Non-eosinophilic asthma in nonsteroidal anti-inflammatory drug exacerbated respiratory disease

Abstract

Background: The cellular inflammatory pattern of nonsteroidal anti-inflammatory drug-exacerbated respiratory disease (N-ERD) is heterogeneous. However, data on the heterogeneity of non-eosinophilic asthma (NEA) with aspirin hypersensitivity are scanty. By examination of N-ERD patients based on clinical data and eicosanoid biomarkers we aimed to identify NEA endotypes potentially guiding clinical management.

Methods: Induced sputum was collected from patients with N-ERD. Sixty six patients (49.6% of 133 N-ERD) with NEA were included in the hierarchical cluster analysis based on clinical and laboratory data. The quality of clustering was evaluated using internal cluster validation with different indices and a practical decision tree was proposed to simplify stratification of patients.

Results: The most frequent NEA pattern was paucigranulocytic (PGA; 75.8%), remaining was neutrophilic asthma (NA; 24.2%). Four clusters were identified. Cluster #3 included the highest number of NEA patients (37.9%) with severe asthma and PGA pattern (96.0%). Cluster #1 (24.2%) included severe only asthma, with a higher prevalence of NA (50%). Cluster #2 (25.8%) comprised well-controlled mild or severe asthma (PGA; 76.5%). Cluster #4 contained only 12.1% patients with well-controlled moderate asthma (PGA; 62.5%). Sputum prostaglandin D₂ levels distinguished cluster #1 from the remaining clusters with an area under the curve of 0.94.

Conclusions: Among identified four NEA subtypes, clusters #3 and #1 represented N-ERD patients with severe asthma but a different inflammatory signatures. All the clusters were discriminated by sputum PGD₂ levels, asthma severity, and age of patients. The heterogeneity of non-eosinophilic N-ERD suggests a need for novel targeted interventions.

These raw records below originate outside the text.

(* Let $K$ be a field, $S=K[x_1,\dots,x_n]$, $A\subseteq\{1,\dots,n\}$ and $f=\prod_{j\in A}x_j$. Then $\operatorname{sdepth}(S_f)=n$.
   Context: $S_f=K[x_1,\dots,x_n,x_j^{-1}:j\in A]$, with $K$-basis the monomials $x_1^{a_1}\cdots x_n^{a_n}$, $a_j\in\mathbb Z$ for $j\in A$, $a_j\in\mathbb N$ otherwise. A Stanley space of $S_f$ is $uK[Z]$, the $K$-span of all $uw$ ($w$ a monomial in the elements of $Z$), where $u$ is a monomial, $Z\subseteq\{x_1,\dots,x_n\}\cup\{x_j^{-1}:j\in A\}$ with $\{x_j,x_j^{-1}\}\not\subseteq Z$ for all $j\in A$, and $uK[Z]$ is a free $K[Z]$-module; its dimension is $|Z|$. A Stanley decomposition $\mathcal D$ is a finite direct sum of Stanley spaces equal to $S_f$; $\operatorname{sdepth}\mathcal D$ is the minimal dimension of its spaces and $\operatorname{sdepth}(S_f)$ the maximum of $\operatorname{sdepth}\mathcal D$ over all Stanley decompositions. *)

theory Defs
  imports Main
begin

text \<open>Monomials of S_f = K[x_1..x_n, x_j^-1 : j in A] are identified with their exponent
vectors a :: nat => int, supported on {1..n}, with a j >= 0 for j not in A.
Elements of S_f are finitely supported K-valued functions on these exponent vectors
(coefficient functions). A generator (j, True) stands for x_j, (j, False) for x_j^-1.\<close>

definition mon_set :: "nat \<Rightarrow> nat set \<Rightarrow> (nat \<Rightarrow> int) set" where
  "mon_set n A = {a. (\<forall>j. j \<notin> {1..n} \<longrightarrow> a j = 0) \<and> (\<forall>j\<in>{1..n} - A. 0 \<le> a j)}"
(* Let $(X,d)$ be a metric space, let $\mathcal F\subseteq\mathcal S$ be nonempty, and let $V\subseteq X$ be open with $V\subseteq\overline{A_{\mathcal F}(u,\le t)}$ for all $u\in V$ and all $t>0$. Then $V\subseteq\overline{A_{\mathcal F}(u,t)}$ for all $u\in V$ and all $t>0$. In particular, if $\overline{A_{\operatorname{Sat}(\mathcal F)}(u,\le t)}=X$ for all $u\in X$, $t>0$, then $\overline{A_{\mathcal F}(u,t)}=X$ for all $u\in X$, $t>0$.
   Context: Let $(X,d)$ be a metric space and $\dagger\notin X$ an extra point. A continuous local semigroup on $X$ is a map $(t,u)\mapsto\Phi_tu:[0,\infty)\times X\to X\cup\{\dagger\}$ such that for every $u\in X$ there is $T_u\in(0,\infty]$ with: (i) $\Phi_tu\in X$ for $t<T_u$ and $\Phi_tu=\dagger$ for $t\ge T_u$; (ii) $\Phi_0u=u$, and whenever $s,t\ge 0$ with $s+t<T_u$ one has $t<T_{\Phi_su}$ and $\Phi_{t+s}u=\Phi_t\Phi_su$; (iii) for every $t<T_u$ and $\varepsilon>0$ there is $\delta>0$ such that $|t-t'|+d(u,u')<\delta$ implies $t'<T_{u'}$ and $d(\Phi_tu,\Phi_{t'}u')<\varepsilon$. $\mathcal S$ is the set of all such. Compositions $\Phi^n_{t_n}\cdots\Phi^1_{t_1}u$ are only considered when every partial composition lies in $X$. For $\mathcal F\subseteq\mathcal S$: $A_{\mathcal F}(u,t)=\{\Phi^n_{t_n}\cdots\Phi^1_{t_1}u:\Phi^j\in\mathcal F,\ t_j>0,\ \sum_jt_j=t\}$, $A_{\mathcal F}(u,\le t)=\bigcup_{0<s\le t}A_{\mathcal F}(u,s)$. $\mathcal F\preccurlyeq\mathcal G$ means $\overline{A_{\mathcal F}(u,\le t)}\subseteq\overline{A_{\mathcal G}(u,\le t)}$ for all $u\in X,t>0$, and $\operatorname{Sat}(\mathcal F)=\bigcup_{\mathcal G\preccurlyeq\mathcal F}\mathcal G$. *)

theory Defs
  imports "HOL-Analysis.Analysis"
begin

text \<open>The metric space X is the whole type 'a; the extra point (dagger) is None.
  A local semigroup is a map Phi :: real => 'a => 'a option (only t >= 0 matters).\<close>

type_synonym 'a lsg = "real \<Rightarrow> 'a \<Rightarrow> 'a option"

definition local_semigroup :: "('a::metric_space) lsg \<Rightarrow> bool" where
  "local_semigroup \<Phi> \<longleftrightarrow> (\<exists>T :: 'a \<Rightarrow> ereal.
     (\<forall>u. T u > 0 \<and> (\<forall>t\<ge>0. (\<Phi> t u \<noteq> None \<longleftrightarrow> ereal t < T u))) \<and>
     (\<forall>u. \<Phi> 0 u = Some u) \<and>
     (\<forall>u s t. s \<ge> 0 \<and> t \<ge> 0 \<and> ereal (s + t) < T u \<longrightarrow>
        ereal t < T (the (\<Phi> s u)) \<and> \<Phi> (t + s) u = \<Phi> t (the (\<Phi> s u))) \<and>
     (\<forall>u t \<epsilon>. t \<ge> 0 \<and> ereal t < T u \<and> \<epsilon> > 0 \<longrightarrow>
        (\<exists>\<delta>>0. \<forall>t' u'. t' \<ge> 0 \<and> \<bar>t - t'\<bar> + dist u u' < \<delta> \<longrightarrow>
           ereal t' < T u' \<and> dist (the (\<Phi> t u)) (the (\<Phi> t' u')) < \<epsilon>)))"

definition SG :: "('a::metric_space) lsg set" where
  "SG = {\<Phi>. local_semigroup \<Phi>}"

fun run :: "('a lsg \<times> real) list \<Rightarrow> 'a \<Rightarrow> 'a option" where
  "run [] u = Some u"
| "run ((\<Phi>, t) # ps) u = (case \<Phi> t u of None \<Rightarrow> None | Some v \<Rightarrow> run ps v)"

definition reach :: "('a::metric_space) lsg set \<Rightarrow> 'a \<Rightarrow> real \<Rightarrow> 'a set" where
  "reach F u t = {v. \<exists>ps. (\<forall>p\<in>set ps. fst p \<in> F \<and> snd p > 0) \<and>
                       sum_list (map snd ps) = t \<and> run ps u = Some v}"

definition reach_le :: "('a::metric_space) lsg set \<Rightarrow> 'a \<Rightarrow> real \<Rightarrow> 'a set" where
  "reach_le F u t = (\<Union>s\<in>{0<..t}. reach F u s)"

definition sg_preceq :: "('a::metric_space) lsg set \<Rightarrow> 'a lsg set \<Rightarrow> bool" where
  "sg_preceq F G \<longleftrightarrow> (\<forall>u t. t > 0 \<longrightarrow> closure (reach_le F u t) \<subseteq> closure (reach_le G u t))"

definition Sat :: "('a::metric_space) lsg set \<Rightarrow> 'a lsg set" where
  "Sat F = \<Union> {G. G \<subseteq> SG \<and> sg_preceq G F}"

end

theory Submission
  imports Defs
begin

text \<open>Fix a target point w of V and a ball around it inside V. Any member of F, run for a short
  time from a point close to w, stays inside that ball. Since w lies in the closure of
  reach_le F x r for every x in V, one can first come close to w at some time s \<le> r and then
  either flow the remaining time r - s (if it is short) or flow a fixed short time and restart
  from the new point of V; this reaches w approximately at the exact time r. For the saturation,
  the definition of Sat F directly gives that each flow of a member of Sat F is approximated by
  F-reachable points, and continuity of the flows propagates this along compositions.\<close>

lemma run_append:
  "run (ps @ qs) u = (case run ps u of None \<Rightarrow> None | Some v \<Rightarrow> run qs v)"
  by (induction ps arbitrary: u) (auto split: option.split)

lemma reach_trans:
  assumes "v \<in> reach F u s" and "z \<in> reach F v r"
  shows "z \<in> reach F u (s + r)"
proof -
  obtain ps where "\<forall>p\<in>set ps. fst p \<in> F \<and> snd p > 0" "sum_list (map snd ps) = s"
    "run ps u = Some v"
    using assms(1) unfolding reach_def by blast
  moreover obtain qs where "\<forall>p\<in>set qs. fst p \<in> F \<and> snd p > 0" "sum_list (map snd qs) = r"
    "run qs v = Some z"
    using assms(2) unfolding reach_def by blast
  ultimately show ?thesis
    unfolding reach_def by (intro CollectI exI[of _ "ps @ qs"]) (auto simp: run_append)
qed

lemma reach_singleton: "\<Phi> \<in> F \<Longrightarrow> \<tau> > 0 \<Longrightarrow> \<Phi> \<tau> u = Some v \<Longrightarrow> v \<in> reach F u \<tau>"
  unfolding reach_def by (intro CollectI exI[of _ "[(\<Phi>, \<tau>)]"]) auto

lemma reach_le_trans:
  assumes "x \<in> insert u (reach_le F u s)" and "z \<in> reach_le F x r" and "s \<ge> 0"
  shows "z \<in> reach_le F u (s + r)"
proof (cases "x = u")
  case True
  then show ?thesis
    using assms(2,3) unfolding reach_le_def by force
next
  case False
  then obtain s' where "0 < s'" "s' \<le> s" "x \<in> reach F u s'"
    using assms(1) unfolding reach_le_def by auto
  moreover obtain r' where "0 < r'" "r' \<le> r" "z \<in> reach F x r'"
    using assms(2) unfolding reach_le_def by auto
  ultimately show ?thesis
    using reach_trans[of x F u s' z r'] unfolding reach_le_def by force
qed

lemma local_semigroup_zero: "local_semigroup \<Phi> \<Longrightarrow> \<Phi> 0 u = Some u"
  unfolding local_semigroup_def by blast

lemma local_semigroup_continuous:
  assumes "local_semigroup \<Phi>" and "\<tau> \<ge> 0" and "\<Phi> \<tau> x = Some v" and "e > 0"
  obtains \<delta> where "\<delta> > 0"
    "\<And>t' x'. t' \<ge> 0 \<Longrightarrow> \<bar>\<tau> - t'\<bar> + dist x x' < \<delta> \<Longrightarrow> \<exists>v'. \<Phi> t' x' = Some v' \<and> dist v v' < e"
proof -
  obtain T :: "'a \<Rightarrow> ereal" where
    T_life: "\<forall>u. T u > 0 \<and> (\<forall>t\<ge>0. \<Phi> t u \<noteq> None \<longleftrightarrow> ereal t < T u)" and
    T_cont: "\<forall>u t \<epsilon>. t \<ge> 0 \<and> ereal t < T u \<and> \<epsilon> > 0 \<longrightarrow>
        (\<exists>\<delta>>0. \<forall>t' u'. t' \<ge> 0 \<and> \<bar>t - t'\<bar> + dist u u' < \<delta> \<longrightarrow>
           ereal t' < T u' \<and> dist (the (\<Phi> t u)) (the (\<Phi> t' u')) < \<epsilon>)"
    using assms(1) unfolding local_semigroup_def by blast
  have "ereal \<tau> < T x"
    using T_life assms(2,3) by auto
  then obtain \<delta> where "\<delta> > 0" and \<delta>: "\<forall>t' u'. t' \<ge> 0 \<and> \<bar>\<tau> - t'\<bar> + dist x u' < \<delta> \<longrightarrow>
      ereal t' < T u' \<and> dist (the (\<Phi> \<tau> x)) (the (\<Phi> t' u')) < e"
    using T_cont assms(2,4) by blast
  show thesis
  proof (rule that[OF \<open>\<delta> > 0\<close>])
    fix t' x' assume "t' \<ge> 0" "\<bar>\<tau> - t'\<bar> + dist x x' < \<delta>"
    then show "\<exists>v'. \<Phi> t' x' = Some v' \<and> dist v v' < e"
      using \<delta> T_life assms(3) by fastforce
  qed
qed

lemma local_semigroup_near_start:
  assumes "local_semigroup \<Phi>" and "e > 0"
  obtains \<delta> where "\<delta> > 0"
    "\<And>\<tau> y. 0 \<le> \<tau> \<Longrightarrow> \<tau> < \<delta> \<Longrightarrow> dist w y < \<delta> \<Longrightarrow> \<exists>z. \<Phi> \<tau> y = Some z \<and> dist w z < e"
proof -
  obtain \<delta> where "\<delta> > 0" and \<delta>:
    "\<And>t' x'. t' \<ge> 0 \<Longrightarrow> \<bar>0 - t'\<bar> + dist w x' < \<delta> \<Longrightarrow> \<exists>v'. \<Phi> t' x' = Some v' \<and> dist w v' < e"
    using local_semigroup_continuous[OF assms(1) order_refl local_semigroup_zero[OF assms(1)] assms(2)]
    by blast
  show thesis
    by (rule that[of "\<delta> / 2"]) (use \<open>\<delta> > 0\<close> \<delta> in auto)
qed

lemma local_semigroup_closure_image:
  assumes "local_semigroup \<Phi>" and "\<tau> \<ge> 0" and "x \<in> closure A" and "\<Phi> \<tau> x = Some v"
  shows "v \<in> closure {v'. \<exists>x'\<in>A. \<Phi> \<tau> x' = Some v'}"
  unfolding closure_approachable
proof (intro allI impI)
  fix e :: real assume "e > 0"
  obtain \<delta> where "\<delta> > 0" and \<delta>:
    "\<And>t' x'. t' \<ge> 0 \<Longrightarrow> \<bar>\<tau> - t'\<bar> + dist x x' < \<delta> \<Longrightarrow> \<exists>v'. \<Phi> t' x' = Some v' \<and> dist v v' < e"
    using local_semigroup_continuous[OF assms(1,2,4) \<open>e > 0\<close>] by blast
  obtain x' where "x' \<in> A" "dist x x' < \<delta>"
    using closure_approachableD[OF assms(3) \<open>\<delta> > 0\<close>] by blast
  then obtain v' where "\<Phi> \<tau> x' = Some v'" "dist v v' < e"
    using \<delta>[of \<tau> x'] assms(2) by auto
  then show "\<exists>y\<in>{v'. \<exists>x'\<in>A. \<Phi> \<tau> x' = Some v'}. dist y v < e"
    using \<open>x' \<in> A\<close> by (auto simp: dist_commute)
qed

lemma mem_closure_reach_le_self:
  assumes "F \<subseteq> SG" and "F \<noteq> {}" and "t > 0"
  shows "u \<in> closure (reach_le F u t)"
  unfolding closure_approachable
proof (intro allI impI)
  fix e :: real assume "e > 0"
  obtain \<Phi> where "\<Phi> \<in> F"
    using assms(2) by blast
  then have "local_semigroup \<Phi>"
    using assms(1) unfolding SG_def by blast
  then obtain \<delta> where "\<delta> > 0" and \<delta>:
    "\<And>\<tau> y. 0 \<le> \<tau> \<Longrightarrow> \<tau> < \<delta> \<Longrightarrow> dist u y < \<delta> \<Longrightarrow> \<exists>z. \<Phi> \<tau> y = Some z \<and> dist u z < e"
    using local_semigroup_near_start \<open>e > 0\<close> by blast
  define \<tau> where "\<tau> = min (\<delta> / 2) t"
  have "0 < \<tau>" "\<tau> \<le> t" "\<tau> < \<delta>"
    using \<open>\<delta> > 0\<close> assms(3) unfolding \<tau>_def by auto
  then obtain v where "\<Phi> \<tau> u = Some v" "dist u v < e"
    using \<delta>[of \<tau> u] \<open>\<delta> > 0\<close> by auto
  moreover have "v \<in> reach_le F u t"
    using reach_singleton[OF \<open>\<Phi> \<in> F\<close> \<open>0 < \<tau>\<close> \<open>\<Phi> \<tau> u = Some v\<close>] \<open>0 < \<tau>\<close> \<open>\<tau> \<le> t\<close>
    unfolding reach_le_def by auto
  ultimately show "\<exists>y\<in>reach_le F u t. dist y u < e"
    by (auto simp: dist_commute)
qed

lemma local_semigroup_Sat: "\<Phi> \<in> Sat F \<Longrightarrow> local_semigroup \<Phi>"
  unfolding Sat_def SG_def by blast

lemma Sat_flow_mem_closure_reach_le:
  assumes "\<Phi> \<in> Sat F" and "\<tau> > 0" and "\<Phi> \<tau> x = Some v"
  shows "v \<in> closure (reach_le F x \<tau>)"
proof -
  obtain G where "sg_preceq G F" "\<Phi> \<in> G"
    using assms(1) unfolding Sat_def by blast
  have "v \<in> reach_le G x \<tau>"
    using reach_singleton[OF \<open>\<Phi> \<in> G\<close> assms(2,3)] assms(2) unfolding reach_le_def by auto
  then show ?thesis
    using \<open>sg_preceq G F\<close> assms(2) closure_subset unfolding sg_preceq_def by blast
qed

lemma run_Sat_mem_closure_reach_le:
  assumes "\<forall>p\<in>set ps. fst p \<in> Sat F \<and> snd p > 0" and "run ps u = Some v"
  shows "v \<in> closure (insert u (reach_le F u (sum_list (map snd ps))))"
  using assms
proof (induction ps arbitrary: v rule: rev_induct)
  case Nil
  then show ?case
    using closure_subset by fastforce
next
  case (snoc p ps)
  obtain \<Phi> \<tau> where p: "p = (\<Phi>, \<tau>)"
    by (cases p)
  let ?s = "sum_list (map snd ps)"
  let ?R = "closure (insert u (reach_le F u (?s + \<tau>)))"
  have "\<Phi> \<in> Sat F" "\<tau> > 0"
    using snoc.prems(1) p by auto
  obtain x where x: "run ps u = Some x" "\<Phi> \<tau> x = Some v"
    using snoc.prems(2) unfolding p run_append by (auto split: option.splits)
  have "x \<in> closure (insert u (reach_le F u ?s))"
    using snoc.IH snoc.prems(1) x(1) by auto
  then have v: "v \<in> closure {v'. \<exists>x'\<in>insert u (reach_le F u ?s). \<Phi> \<tau> x' = Some v'}"
    by (rule local_semigroup_closure_image[OF local_semigroup_Sat[OF \<open>\<Phi> \<in> Sat F\<close>]
          less_imp_le[OF \<open>\<tau> > 0\<close>] _ x(2)])
  have "?s \<ge> 0"
    using snoc.prems(1) by (intro sum_list_nonneg) auto
  have "closure (reach_le F x' \<tau>) \<subseteq> ?R" if "x' \<in> insert u (reach_le F u ?s)" for x'
    using reach_le_trans[OF that _ \<open>?s \<ge> 0\<close>] by (intro closure_mono) auto
  then have "{v'. \<exists>x'\<in>insert u (reach_le F u ?s). \<Phi> \<tau> x' = Some v'} \<subseteq> ?R"
    using Sat_flow_mem_closure_reach_le[OF \<open>\<Phi> \<in> Sat F\<close> \<open>\<tau> > 0\<close>] by blast
  then show ?case
    using v closure_minimal[of _ ?R] p by auto
qed
lemma marg_path_mult_exit_rate:
  assumes "0 \<le> \<kappa> t" "\<kappa> t \<le> 1" and "\<forall>x0\<in>seqs V L. \<forall>x1\<in>seqs V L. 0 \<le> \<pi> x0 x1"
    and "i < L"
  shows "marg_path V L \<pi> \<kappa> t z * (\<Sum>a\<in>{0..<V} - {z i}. velocity V L \<pi> \<kappa> \<kappa>' t i a z)
       = \<kappa>' t / (1 - \<kappa> t) *
         (\<Sum>x0\<in>seqs V L. \<Sum>x1\<in>seqs V L. \<pi> x0 x1 * cond_path L \<kappa> t z x0 x1 * of_bool (x1 i \<noteq> z i))"
proof -
  let ?A = "{0..<V} - {z i}"
  have delta_sum: "(\<Sum>a\<in>?A. delta (x1 i) a) = of_bool (x1 i \<noteq> z i)" if "x1 \<in> seqs V L" for x1
    using seqs_apply_less[OF that \<open>i < L\<close>] by (simp add: delta_def)
  have "marg_path V L \<pi> \<kappa> t z * (\<Sum>a\<in>?A. velocity V L \<pi> \<kappa> \<kappa>' t i a z)
      = \<kappa>' t / (1 - \<kappa> t) * (\<Sum>a\<in>?A. \<Sum>x0\<in>seqs V L. \<Sum>x1\<in>seqs V L.
          \<pi> x0 x1 * cond_path L \<kappa> t z x0 x1 * delta (x1 i) a)"
    using assms(1-3) by (simp add: sum_distrib_left marg_path_mult_velocity)
  also have "\<dots> = \<kappa>' t / (1 - \<kappa> t) * (\<Sum>x0\<in>seqs V L. \<Sum>x1\<in>seqs V L.
          \<pi> x0 x1 * cond_path L \<kappa> t z x0 x1 * (\<Sum>a\<in>?A. delta (x1 i) a))"
    by (simp add: sum_distrib_left sum.swap[of _ ?A])
  also have "\<dots> = \<kappa>' t / (1 - \<kappa> t) *
      (\<Sum>x0\<in>seqs V L. \<Sum>x1\<in>seqs V L. \<pi> x0 x1 * cond_path L \<kappa> t z x0 x1 * of_bool (x1 i \<noteq> z i))"
    using delta_sum by (simp cong: sum.cong)
  finally show ?thesis .
qed

lemma sum_cond_path_hamming:
  assumes "x0 \<in> seqs V L" "x1 \<in> seqs V L"
  shows "(\<Sum>z\<in>seqs V L. cond_path L \<kappa> t z x0 x1 * real (hamming L x1 z))
       = (1 - \<kappa> t) * real (hamming L x0 x1)"
proof -
  have "(\<Sum>z\<in>seqs V L. cond_path L \<kappa> t z x0 x1 * real (hamming L x1 z))
      = (\<Sum>i\<in>{0..<L}. \<Sum>z\<in>seqs V L. cond_path L \<kappa> t z x0 x1 * of_bool (x1 i \<noteq> z i))"
    by (simp only: real_hamming_eq_sum sum_distrib_left sum.swap[where B = "{0..<L}"])
  also have "\<dots> = (\<Sum>i\<in>{0..<L}. (1 - \<kappa> t) * of_bool (x0 i \<noteq> x1 i))"
    by (intro sum.cong refl sum_cond_path_mismatch) (use assms in auto)
  also have "\<dots> = (1 - \<kappa> t) * real (hamming L x0 x1)"
    by (simp only: real_hamming_eq_sum sum_distrib_left)
  finally show ?thesis .
qed

lemma marg_path_mult_total_exit_rate:
  assumes "0 \<le> \<kappa> t" "\<kappa> t \<le> 1" and "\<forall>x0\<in>seqs V L. \<forall>x1\<in>seqs V L. 0 \<le> \<pi> x0 x1"
  shows "marg_path V L \<pi> \<kappa> t z * (\<Sum>i\<in>{0..<L}. \<Sum>a\<in>{0..<V} - {z i}. velocity V L \<pi> \<kappa> \<kappa>' t i a z)
       = \<kappa>' t / (1 - \<kappa> t) *
         (\<Sum>x0\<in>seqs V L. \<Sum>x1\<in>seqs V L. \<pi> x0 x1 * cond_path L \<kappa> t z x0 x1 * real (hamming L x1 z))"
proof -
  have "marg_path V L \<pi> \<kappa> t z * (\<Sum>i\<in>{0..<L}. \<Sum>a\<in>{0..<V} - {z i}. velocity V L \<pi> \<kappa> \<kappa>' t i a z)
      = (\<Sum>i\<in>{0..<L}. marg_path V L \<pi> \<kappa> t z * (\<Sum>a\<in>{0..<V} - {z i}. velocity V L \<pi> \<kappa> \<kappa>' t i a z))"
    by (rule sum_distrib_left)
  also have "\<dots> = (\<Sum>i\<in>{0..<L}. \<kappa>' t / (1 - \<kappa> t) * (\<Sum>x0\<in>seqs V L. \<Sum>x1\<in>seqs V L.
      \<pi> x0 x1 * cond_path L \<kappa> t z x0 x1 * of_bool (x1 i \<noteq> z i)))"
    by (rule sum.cong[OF refl], rule marg_path_mult_exit_rate) (use assms in auto)
  also have "\<dots> = \<kappa>' t / (1 - \<kappa> t) *
      (\<Sum>x0\<in>seqs V L. \<Sum>x1\<in>seqs V L. \<pi> x0 x1 * cond_path L \<kappa> t z x0 x1 * real (hamming L x1 z))"
    by (simp only: real_hamming_eq_sum sum_distrib_left sum.swap[where A = "{0..<L}"])
  finally show ?thesis .
qed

Keywords: aspirin hypersensitivity; cluster analysis; inflammatory phenotypes; non-eosinophilic asthma.

FIGURE 1

(A) Distribution of patients with nonsteroidal anti‐inflammatory drug–exacerbated respiratory disease (N‐ERD) (n = 133) according to the cellular inflammatory pattern of the induced sputum. Paucigranulocytic (38%) and neutrophilic (18%) phenotype was considered as non‐eosinophilic asthma (NEA), and these patients (n = 66) were included in the study. (B) Distribution of patients with paucigranulocytic or neutrophilic asthma phenotype among NEA patients with N‐ERD. eos, eosinophilic; mix, mixed; neu, neutrophilic; pauci, paucigranulocytic.

FIGURE 2

A receiver operating characteristic analysis of non‐eosinophilic asthma clusters using sputum prostaglandin D₂ to distinguish between cluster #1 and clusters #2, #3, and #4. AUC, area under the curve; CI, confidence interval.

FIGURE 3

A simplified decision tree for assignment of the study subjects into subtypes of N‐ERD with non‐eosinophilic asthma using only 3 variables (sputum PGD₂ level, severity of asthma, and age of the patient). An available biological therapy is proposed on the premises of tentative pathomechanism underlying the clusters.